Oddly though, away from his playing persona, a completely different Murray emerges. I saw a Youtube clip of him being interviewed on Jonathan Ross; he was laughing his head off, not a hint of dourness in sight. At home, he likes playing Frisbee with his dog (massive points in my book, due to incurable canine bias), has a steady girlfriend for whom he buys presents on impulse, and goofs around with his coaches. Despite his reputation for rudeness, he took the time in the middle of one of the most high pressure tournaments of his career to send out a little tweet thanking the staff at his local Pizza Express for staying open late on Monday night so they could cook him a pizza. I call that both thoughtful and polite. ‘He is our hero,’ said the Pizza man, with staunch lack of equivocation. (When this was reported by the Associated Press, the writer could not resist observing that it was a plain old Margherita, appropriate for a man ‘who has been criticised in some quarters for lack of personality’. Go get your own damn personalities, I say to those quarters.) After his victory at Queens, the first thing he did was not preen for the crowd or pose for the cameras, but run over and give his mum a big kiss on the cheek.

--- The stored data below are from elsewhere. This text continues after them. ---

(* Let $n\ge2$, $p\in(1,2)\cup(2,\infty)$. Let $\Omega\subset\mathbb{R}^n$ be a domain, $T>0$, $u$ a viscosity solution of $u_t-\Delta u-(p-2)\frac{\langle D^2uDu,Du\rangle}{|Du|^2}=0$ in $\Omega\times(0,T)$, $U\Subset\Omega$ a smooth domain, $U_T=U\times(0,T)$, $\varepsilon\in(0,1]$, and let $u^\varepsilon\in C^0(\overline{U_T})\cap C^\infty(U_T)$ be the viscosity solution of $u^\varepsilon_t-\Delta u^\varepsilon-(p-2)\frac{\langle D^2u^\varepsilon Du^\varepsilon,Du^\varepsilon\rangle}{|Du^\varepsilon|^2+\varepsilon}=0$ in $U_T$ with $u^\varepsilon=u$ on the parabolic boundary of $U_T$. Let $Q_{2r}=(s-4r^2,s)\times B(z,2r)\Subset U_T$ and $\phi\in C_c^\infty(B(z,2r)\times(s-4r^2,s+4r^2))$. Then for any $\vec c\in\mathbb{R}^n$ and $\eta>0$, $$\int_{Q_{2r}}\Delta u^\varepsilon\,u^\varepsilon_t\,\phi^2\,dx\,dt\le\eta\int_{Q_{2r}}|D^2u^\varepsilon|^2\phi^2\,dx\,dt+\frac{C}{\eta}\int_{Q_{2r}}|Du^\varepsilon-\vec c|^2\big[|D\phi|^2+|\phi\phi_t|\big]\,dx\,dt,$$ where $C$ depends only on $n$ and $p$.
   Context: $D$, $D^2$ denote spatial derivatives. *)

theory Defs
  imports "HOL-Analysis.Analysis"
begin

definition pdir :: "'a::euclidean_space \<Rightarrow> ('a \<Rightarrow> real) \<Rightarrow> 'a \<Rightarrow> real" where
  "pdir v f z = deriv (\<lambda>h. f (z + h *\<^sub>R v)) 0"

fun pdl :: "'a::euclidean_space list \<Rightarrow> ('a \<Rightarrow> real) \<Rightarrow> 'a \<Rightarrow> real" where
  "pdl [] f = f"
| "pdl (v # vs) f = pdir v (pdl vs f)"

definition Ck_on :: "nat \<Rightarrow> 'a::euclidean_space set \<Rightarrow> ('a \<Rightarrow> real) \<Rightarrow> bool" where
  "Ck_on k S f \<longleftrightarrow>
     (\<forall>vs. set vs \<subseteq> Basis \<and> length vs \<le> k \<longrightarrow>
        continuous_on S (pdl vs f) \<and>
        (length vs < k \<longrightarrow> (\<forall>v\<in>Basis. \<forall>z\<in>S.
            ((\<lambda>h. pdl vs f (z + h *\<^sub>R v)) has_real_derivative pdl (v # vs) f z) (at 0))))"

definition smooth_on :: "'a::euclidean_space set \<Rightarrow> ('a \<Rightarrow> real) \<Rightarrow> bool" where
  "smooth_on S f \<longleftrightarrow> (\<forall>k. Ck_on k S f)"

Petulant, schmetulant. He is also endearingly self-deprecating, a trait the British are supposed to adore, but seem to have overlooked in this case. When asked about the letter of good luck he received from our great Britannic Majesty, he did not showboat about it. ‘That was very nice of her,’ was all he said.

Still, even if he were the dour, awkward chap of popular myth, I think I would still like Andy Murray. When he plays one of those impossible cross court running forehands, it comes as close to poetry as sport ever can. Even I, knowing nothing of tennis, can see the beauty in it. I think he puts every atom of energy he has into his game, so there is nothing left over for playing public relations. He likes the crowd, but you suspect he can do without it. There is a sense of self-containment about him, as he stretches himself to reach the heights he craves. I think he is a purist, and whether he wins or loses this afternoon, I salute that in him.